2023-05-21 14:12:44 -07:00

42 lines
2.5 KiB
Markdown

# Azure Storage Blob Loader
This loader parses any file stored as an Azure Storage blob or the entire container (with an optional prefix / attribute filter) if no particular file is specified. When initializing `AzStorageBlobReader`, you may pass in your account url with a SAS token or crdentials to authenticate.
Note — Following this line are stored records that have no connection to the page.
lemma finite_local_orbit_if_global:
  assumes sub: "is_subgroup G (Aut V E)"
    and global: "\<forall>x\<in>B. \<forall>y\<in>B. finite ((\<lambda>g. g y) ` stab G x)"
    and w: "w \<in> B" and y: "y \<in> nbhd V E w"
  shows "finite ((\<lambda>g. g y) ` stab G w)"
proof -
  have wy: "E w y" "y \<in> V" "w \<in> V"
    using y w parts(1) by (auto simp: nbhd_def)
  then have "w \<in> nbhd V E y"
    using tree_edge_sym[OF tree] by (simp add: nbhd_def)
  moreover have "nbhd V E y \<noteq> {w}"
    using no_leaf wy(2) by blast
  ultimately obtain w' where w': "w' \<in> nbhd V E y" "w' \<noteq> w"
    by blast
  then have yw': "E y w'" "w' \<in> V"
    by (auto simp: nbhd_def)
  have "w' \<in> B"
    using nbr_of_A[OF nbr_of_B[OF w wy(1)] yw'(1)] .
  define Orb where "Orb = (\<lambda>g. g w') ` stab G w"
  have "finite Orb"
    unfolding Orb_def using global[rule_format, OF w \<open>w' \<in> B\<close>] .
  have "(\<lambda>g. g y) ` stab G w \<subseteq> (\<Union>z\<in>Orb - {w}. {c. E w c \<and> E z c})"
  proof
    fix c
    assume "c \<in> (\<lambda>g. g y) ` stab G w"
    then obtain g where g: "g \<in> G" "g w = w" "c = g y"
      unfolding stab_def by blast
    have Aut: "g \<in> Aut V E"
      using is_subgroupD(1)[OF sub] g(1) by blast
    have "E w c"
      using Aut_edge_iff[OF Aut wy(3,2)] wy(1) g by simp
    moreover have "E (g w') c"
      using Aut_edge_iff[OF Aut yw'(2) wy(2)] tree_edge_sym[OF tree yw'(1)] g(3) by simp
    moreover have "g w' \<noteq> g w"
      using w'(2) bij_is_inj[OF subgroup_Aut_bij[OF sub g(1)]] by (simp add: inj_eq)
    then have "g w' \<noteq> w"
      using g(2) by simp
    moreover have "g w' \<in> Orb"
      unfolding Orb_def stab_def using g(1,2) by blast
    ultimately show "c \<in> (\<Union>z\<in>Orb - {w}. {c. E w c \<and> E z c})"
      by blast
  qed
  moreover have "finite (\<Union>z\<in>Orb - {w}. {c. E w c \<and> E z c})"
    using \<open>finite Orb\<close> by (intro finite_UN_I) (auto intro: finite_common_nbrs[OF tree])
  ultimately show ?thesis
    by (rule finite_subset)
qed

lemma local_orbits_finite_iff:
  assumes sub: "is_subgroup G (Aut V E)"
  shows "(\<forall>v\<in>A. \<forall>w\<in>B.
            (\<forall>u\<in>nbhd V E v. \<forall>z\<in>nbhd V E v. finite ((\<lambda>g. g z) ` stab (stab G v) u))
          \<and> (\<forall>z\<in>nbhd V E w. finite ((\<lambda>g. g z) ` stab G w)))
    \<longleftrightarrow> (\<forall>x\<in>B. \<forall>y\<in>B. finite ((\<lambda>g. g y) ` stab G x))"
proof
  assume local_finite: "\<forall>v\<in>A. \<forall>w\<in>B.
      (\<forall>u\<in>nbhd V E v. \<forall>z\<in>nbhd V E v. finite ((\<lambda>g. g z) ` stab (stab G v) u))
    \<and> (\<forall>z\<in>nbhd V E w. finite ((\<lambda>g. g z) ` stab G w))"
  show "\<forall>x\<in>B. \<forall>y\<in>B. finite ((\<lambda>g. g y) ` stab G x)"
  proof (intro ballI)
    fix x y
    assume x: "x \<in> B" and y: "y \<in> B"
    have local_A: "finite ((\<lambda>g. g z) ` stab (stab G v) u)"
      if "v \<in> A" "u \<in> nbhd V E v" "z \<in> nbhd V E v" for v u z
      using local_finite that x by blast
    have local_B: "finite ((\<lambda>g. g z) ` stab G w)" if "w \<in> B" "z \<in> nbhd V E w" for w z
    proof -
      have "z \<in> A"
        using that nbr_of_B by (auto simp: nbhd_def)
      then show ?thesis
        using local_finite that by blast
    qed
    obtain xs where xs: "walk_in V E xs" "hd xs = x" "last xs = y"
      using tree x y parts(1) unfolding is_tree_def by blast
    then have "(\<lambda>g. g y) ` stab G x \<subseteq> last ` (\<lambda>g. map g xs) ` stab G x"
      by (auto simp: walk_in_def last_map image_image)
    moreover have "finite ((\<lambda>g. map g xs) ` stab G x)"
      using finite_walk_orbit[OF sub local_A local_B x xs(1,2)] .
    ultimately show "finite ((\<lambda>g. g y) ` stab G x)"
      by (auto elim: finite_subset)
  qed
next
  assume "\<forall>x\<in>B. \<forall>y\<in>B. finite ((\<lambda>g. g y) ` stab G x)"
  then show "\<forall>v\<in>A. \<forall>w\<in>B.
      (\<forall>u\<in>nbhd V E v. \<forall>z\<in>nbhd V E v. finite ((\<lambda>g. g z) ` stab (stab G v) u))
    \<and> (\<forall>z\<in>nbhd V E w. finite ((\<lambda>g. g z) ` stab G w))"
    using finite_stab_stab_orbit_if_global finite_local_orbit_if_global[OF sub] by blast
qed

lemma local_compactness_iff_global:
  assumes sub: "is_subgroup G (Aut V E)" and invariant: "\<forall>g\<in>G. g ` B = B"
    and closed: "closedin (perm_top B) (induced G B)"
    and local_closed: "\<forall>v\<in>V. closedin (perm_top (nbhd V E v)) (induced (stab G v) (nbhd V E v))"
  shows "(\<forall>v\<in>A. \<forall>w\<in>B.
            (\<forall>u\<in>nbhd V E v. compactin (perm_top (nbhd V E v))
                 (stab (induced (stab G v) (nbhd V E v)) u))
          \<and> compactin (perm_top (nbhd V E w)) (induced (stab G w) (nbhd V E w)))
    \<longleftrightarrow> (\<forall>x\<in>B. compactin (perm_top B) (stab (induced G B) x))"
proof -
  have global_iff: "compactin (perm_top B) (stab (induced G B) x)
      \<longleftrightarrow> (\<forall>y\<in>B. finite ((\<lambda>g. g y) ` stab G x))" if "x \<in> B" for x
    using compactin_stab_induced_iff_orbits_finite[OF _ _ _ closed that]
      subgroup_Aut_bij[OF sub] is_subgroupD(2)[OF sub] invariant by blast
  have "v \<in> V" if "v \<in> A \<or> v \<in> B" for v
    using that parts(1) by blast
  then show ?thesis
    using local_orbits_finite_iff[OF sub] global_iff local_closed
      compactin_local_action_iff[OF sub] compactin_stab_local_action_iff[OF sub]
    by (simp cong: ball_cong)
qed

end

theorem lemma6p2:
  fixes V :: "'v set" and E :: "'v \<Rightarrow> 'v \<Rightarrow> bool"
    and V1 V2 :: "'v set" and G :: "('v \<Rightarrow> 'v) set"
  assumes tree: "is_tree V E"
    and no_leaf: "\<forall>v\<in>V. \<not> (\<exists>w. nbhd V E v = {w})"
    and bip: "V1 \<union> V2 = V" "V1 \<inter> V2 = {}"
      "\<forall>x y. E x y \<longrightarrow> (x \<in> V1 \<and> y \<in> V2) \<or> (x \<in> V2 \<and> y \<in> V1)"
    and sub: "is_subgroup G (Aut V E)"
    and closed: "closedin (subtopology (perm_top V) (Aut V E)) G"
    and fix12: "\<forall>g\<in>G. g ` V1 = V1 \<and> g ` V2 = V2"
  shows "closedin (perm_top V1) (induced G V1) \<and> closedin (perm_top V2) (induced G V2)
    \<and> ((\<forall>v\<in>V. closedin (perm_top (nbhd V E v)) (induced (stab G v) (nbhd V E v))) \<longrightarrow>
        ((\<forall>v\<in>V1. \<forall>w\<in>V2.
            (\<forall>u\<in>nbhd V E v. compactin (perm_top (nbhd V E v))
                 (stab (induced (stab G v) (nbhd V E v)) u))
          \<and> compactin (perm_top (nbhd V E w)) (induced (stab G w) (nbhd V E w)))
        \<longleftrightarrow>
         (\<forall>x\<in>V2. compactin (perm_top V2) (stab (induced G V2) x))))"
proof -
  interpret leafless_bipartite_tree V E V1 V2
    using tree no_leaf bip by unfold_locales
  have closed1: "closedin (perm_top V1) (induced G V1)"
    using closedin_induced[OF closed] fix12 by blast
  have closed2: "closedin (perm_top V2) (induced G V2)"
    using leafless_bipartite_tree.closedin_induced[OF swap_parts closed] fix12 by blast
  show ?thesis
    using closed1 closed2 local_compactness_iff_global[OF sub _ closed2] fix12 by blast
qed

end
All files are temporarily downloaded locally and subsequently parsed with `SimpleDirectoryReader`. Hence, you may also specify a custom `file_extractor`, relying on any of the loaders in this library (or your own)!
## Usage
To use this loader, you need to pass in the name of your Azure Storage Container. After that, if you want to just parse a single file, pass in its blob name. Note that if the file is nested in a subdirectory, the blob name should contain the path such as `subdirectory/input.txt`. This loader is a thin wrapper over the [Azure Blob Storage Client for Python](https://learn.microsoft.com/en-us/azure/storage/blobs/storage-quickstart-blobs-python?tabs=managed-identity%2Croles-azure-portal%2Csign-in-azure-cli), see [ContainerClient](https://learn.microsoft.com/en-us/python/api/azure-storage-blob/azure.storage.blob.containerclient?view=azure-python) for detailed parameter usage options.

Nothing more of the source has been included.